Funding: This research was funded by VGDN program FAPESP (00/04205-6). CMR and FLM hold a CAPES doctorate fellowship (DO) and PMAZ holds a CNPq PQ Research Scholarship.
Competing interests: The authors have declared that no competing interests exist.
A considerable proportion (∼45%) of the primate genome consists of copies of mobile genetic elements . These elements are divided into two classes based on their mechanism of mobilization: those involving an RNA intermediate, or those that transpose via DNA excision and reintegration into the host genome (transposons). The via-RNA elements (Class I) are represented by retrotransposons and endogenous retroviruses (ERVs). ERVs are relics of ancient viral infection events in the germ line, followed by long-term vertical transmission. They can increase in copy number by means of active replication (in cis or in trans) or by chromosomal duplication , and represent about 3% of all transposable elements (TE) related sequences. Proviral activity may occur over long periods of time until they become inactivated by loss of promoter functionality due to host chromosome rearrangements, insertions, deletions or point mutations. Because the LTRs (long terminal repeats) of proviruses carry transcriptional regulatory elements, such as promoters and enhancers, its likely that the insertion of a provirus, or only its LTRs, near genes or regulatory regions will be detrimental to host fitness –.
The human ERV-K (HERV-K) family includes some of the most active retroviral elements in human genome , . Although most of the proviral copies of ERV-K in the genome are inactive, some show evidence of past positive selection at the env gene , . ERVs, as well the other retroelements, can invade the host genome due to transposition bursts , counteracted by host-driven excision and purging , . This dynamical process plays an important role in the evolution of host genomes as a consequence of the rearrangement, transduction and inactivation of genes , . In the absence of any host selection pressure to inhibit the fixation and replication, ERV copy number could increase to extreme levels , . However, the preferential integration of LTR elements in gene-poor regions and in an antisense orientation suggests that these elements are routinely purged from gene-rich regions by purifying selection , , which is perhaps a major force restricting ERV copy number. Consequently, determining the mechanisms of transposition control, inactivation and purging are central to the understanding of proviral dynamics in the host genome , , , , .
To explore the evolutionary dynamics of ERVs in more detail, we determined the demographic history of ERV-K in three primates: human (Homo sapiens), common chimpanzee (Pan troglodytes) and rhesus monkey (Macaca mulatta). Our findings suggest that host population size and ecology plays a major role in shaping patterns of ERV-K evolution in primates.
ERV-K Characterization and Phylogeny
Nineteen complete proviruses, designated RhERV-K, were found in the rhesus monkey (Macaca mulatta) draft assembly genome (Text S1). Similarly, 12 new elements in Pan troglodytes (CERV-K) genome were found (Text S1) and compared to 20 CERV and 55 human HERV-K previously reported, producing a total of 106 ERV-K genomes. Three RhERV-K proviruses had almost identical LTR, indicative of recent integration and therefore of possible recent activity. Conversely, RhERV-K19 had highly divergent 5′ and 3′ LTR that could not be aligned due to several insertion-deletion events (indels), indicating that the estimated integration time of about 46 MYBP (see below) may be misleading. As no RhERV-K orthologue was closely related to those in either the chimpanzee or human genomes, all RhERV-K proviruses appear to have arisen by active transposition rather than chromosomal duplication. In contrast, Pan and Homo share several ERV-K, and exhibit many closely related elements that most likely originated by chromosomal duplications and rearrangement events (e.g., CERV-K32, CERV-K31, CERV-K34; CERV-K26, 27 and 28 on the Y chromosome).

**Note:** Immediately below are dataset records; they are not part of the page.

(* Let $(\mathcal Q,d)$ be a Hadamard space, $Y$ a $\mathcal Q$-valued random variable, $o\in\mathcal Q$, and $\tau\in\mathcal S_0^+$ with $\mathbb E[\tau'(d(Y,o))]<\infty$. Let $m\in\arg\min_{q\in\mathcal Q}\mathbb E[\tau(d(Y,q))-\tau(d(Y,o))]$, let $x_0:=\inf\{x\in(0,\infty):\tau'^{\oplus}(x)=0\}$ (with $\inf\emptyset=\infty$), and assume $\mathbb P(d(Y,m)<x_0)>0$. Let either $\beta:=0$, or $\beta\in[0,1)$ be such that $$\liminf_{x\searrow0}\frac{\tau'^{\oplus}(2x)\,\mathbb P(d(Y,m)\le x)}{x^{-\beta}}>0.$$ Then there are constants $c_1,c_2,c_3,c_4,\delta\in(0,\infty)$ such that (i) for all $q$ with $d(q,m)<\delta$: $c_1 d(q,m)\ge\mathbb E[\tau(d(Y,q))-\tau(d(Y,m))]\ge c_2\, d(q,m)^{2-\beta}$; (ii) for all $q$ with $d(q,m)\ge\delta$: $c_3\tau(d(q,m))\ge\mathbb E[\tau(d(Y,q))-\tau(d(Y,m))]\ge c_4\tau(d(q,m))$.
   Context: A Hadamard space is a complete metric space $(\mathcal Q,d)$ such that for all $y_0,y_1$ there is $m$ with $\frac12 d(y_0,q)^2+\frac12 d(y_1,q)^2-\frac14 d(y_0,y_1)^2\ge d(q,m)^2$ for all $q$. $\mathcal S_0^+$ is the set of nondecreasing convex $\tau:[0,\infty)\to\mathbb R$, differentiable on $(0,\infty)$ with concave derivative $\tau'$ (with $\tau'(0):=\lim_{x\searrow0}\tau'(x)$), $\tau(0)=0$ and $\tau'(x)>0$ for $x>0$; $\tau'^{\oplus}$ is the right derivative of $\tau'$. *)

theory Defs
  imports "HOL-Probability.Probability"
begin

text \<open>Hadamard space: a complete metric space (type class complete_space) satisfying
  the midpoint inequality from the paper.\<close>
definition hadamard :: "'a::metric_space itself \<Rightarrow> bool" where
  "hadamard _ \<longleftrightarrow>
     (\<forall>y0 y1::'a. \<exists>m::'a. \<forall>q::'a.
        dist y0 q ^ 2 / 2 + dist y1 q ^ 2 / 2 - dist y0 y1 ^ 2 / 4 \<ge> dist q m ^ 2)"

definition tau' :: "(real \<Rightarrow> real) \<Rightarrow> real \<Rightarrow> real" where
  "tau' \<tau> x = (if x > 0 then deriv \<tau> x else Lim (at_right 0) (deriv \<tau>))"

definition rderiv :: "(real \<Rightarrow> real) \<Rightarrow> real \<Rightarrow> real" where
  "rderiv f x = Lim (at_right 0) (\<lambda>h. (f (x + h) - f x) / h)"

definition S0plus :: "(real \<Rightarrow> real) set" where
  "S0plus = {\<tau>. mono_on {0..} \<tau> \<and> convex_on {0..} \<tau>
      \<and> (\<forall>x>0. \<tau> differentiable (at x))
      \<and> concave_on {0..} (tau' \<tau>)
      \<and> \<tau> 0 = 0 \<and> (\<forall>x>0. tau' \<tau> x > 0)}"

end

theory Submission
  imports Defs
begin

text \<open>Write \<open>\<Phi>(q) = E[\<tau>(d(Y,q)) - \<tau>(d(Y,m))] \<ge> 0\<close>. The upper bounds follow from the
  pointwise estimate \<open>|\<tau>(b) - \<tau>(c)| \<le> |b - c| (\<tau>'(c) + \<tau>'(|b - c|))\<close>, a consequence of the
  concavity of \<open>\<tau>'\<close>, together with \<open>x \<tau>'(x) \<le> 2 \<tau>(x)\<close>.

  For the lower bounds let \<open>\<mu>\<close> be the midpoint of \<open>m\<close> and \<open>q\<close>. On \<open>[0, Z]\<close> the derivative \<open>\<tau>'\<close>
  grows at rate at least \<open>\<rho>(Z) = \<tau>'\<^sup>\<oplus>(Z)\<close>, so \<open>\<tau>\<close> is strongly convex there, and with the
  Hadamard inequality for \<open>\<mu>\<close> this gives
  \<open>\<Phi>(m) + \<Phi>(q) - 2 \<Phi>(\<mu>) \<ge> \<rho>(Z) d(q,m)\<^sup>2/4 P(d(Y,m) \<le> R)\<close> whenever \<open>R + d(q,m) \<le> Z\<close>.
  Since \<open>\<Phi>(\<mu>) \<ge> 0\<close>, this is the local bound, with \<open>R < Z < x\<^sub>0\<close> fixed when \<open>\<beta> = 0\<close> and with
  \<open>R = d(q,m)\<close>, \<open>Z = 2 d(q,m)\<close> under the liminf condition.

  Far from \<open>m\<close>, iterate midpoints towards \<open>m\<close>:
  \<open>\<Phi>(q) = 2\<^sup>k \<Phi>(q\<^sub>k) + \<Sum>\<^sub>j\<^sub><\<^sub>k 2\<^sup>j (\<Phi>(m) + \<Phi>(q\<^sub>j) - 2 \<Phi>(q\<^sub>j\<^sub>+\<^sub>1))\<close> with
  \<open>d(q\<^sub>k, m) \<approx> \<delta>\<close>. The first term makes \<open>\<Phi>\<close> grow linearly in \<open>d(q,m)\<close>. The midpoint defects are at least
  \<open>P(d(Y,m) \<le> R) (\<tau>(d) - 2 \<tau>(d/2))\<close> up to errors proportional to \<open>R\<close>; these telescope to
  \<open>\<tau>(d(q,m))/2\<close> minus an error linear in \<open>d(q,m)\<close>, which the linear growth absorbs.\<close>

lemma tendsto_Lim_at_right_0_mono:
  fixes f :: "real \<Rightarrow> real"
  assumes mono: "\<And>x y. 0 < x \<Longrightarrow> x \<le> y \<Longrightarrow> f x \<le> f y"
    and bdd: "\<And>x. 0 < x \<Longrightarrow> B \<le> f x"
  shows "(f \<longlongrightarrow> Lim (at_right 0) f) (at_right 0)"
proof -
  have "(f \<longlongrightarrow> Inf (f ` {0<..})) (at_right 0)"
  proof (rule order_tendstoI)
    fix a assume "Inf (f ` {0<..}) < a"
    then obtain x where "x > 0" "f x < a"
      using cInf_lessD[of "f ` {0<..}" a] by auto
    then show "eventually (\<lambda>y. f y < a) (at_right 0)"
      unfolding eventually_at_right_field using mono
      by (intro exI[of _ x]) (metis less_imp_le order.strict_trans1)
  next
    fix a assume a: "a < Inf (f ` {0<..})"
    have "Inf (f ` {0<..}) \<le> f y" if "y > 0" for y
      by (rule cInf_lower) (use that bdd in \<open>auto intro!: bdd_belowI\<close>)
    with a show "eventually (\<lambda>y. a < f y) (at_right 0)"
      unfolding eventually_at_right_field by (metis less_le_trans zero_less_one)
  qed
  then show ?thesis
    by (metis tendsto_Lim trivial_limit_at_right_real)
qed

A phylogenetic tree (Fig. 1) for a 4130 bp alignment from the conserved domains (the Partial data set) shared by 106 ERV-K genomes, had a topology congruent to those obtained previously for both ERV-K genomic fragments  and complete genomes . To facilitate data presentation, tree components involving two or more adjacent lineages in the same host, were collapsed and were indicated as colored wedges in Figure 1. Human and chimpanzee appear to share a large number of ERV-K as indicated by at least 18 Pan-Homo sister taxa pairs at the tips of the tree. Interestingly, 13 RhERV-K clustered in a distinct group, radiating within Group O , represented by the largest wedge in Figure 1. The other six RhERV-K genomes fell in four distinct lineages within Group I. None of the six lineages of RhERV-K shared recent orthologues with Homo or Pan, and only three (RhERV-K3, RhERV-K8 and RhERV-K19) were possibly integrated into the common ancestor of all three primates. This notion was further supported by the fact that no traces of ERV-K were found in the orthologous chromosomal regions in human and chimpanzee, where we would expect to find the descendents of RhERV-K3 and the eight ERVs that predate the separation of all three lineages. Conversely, fragments of LTR and gag sequences were found on chromosome 9 of both human and chimpanzee at the integration site of RhERV-K19, suggesting that they the ERV-K viruses have been purged from these genomes.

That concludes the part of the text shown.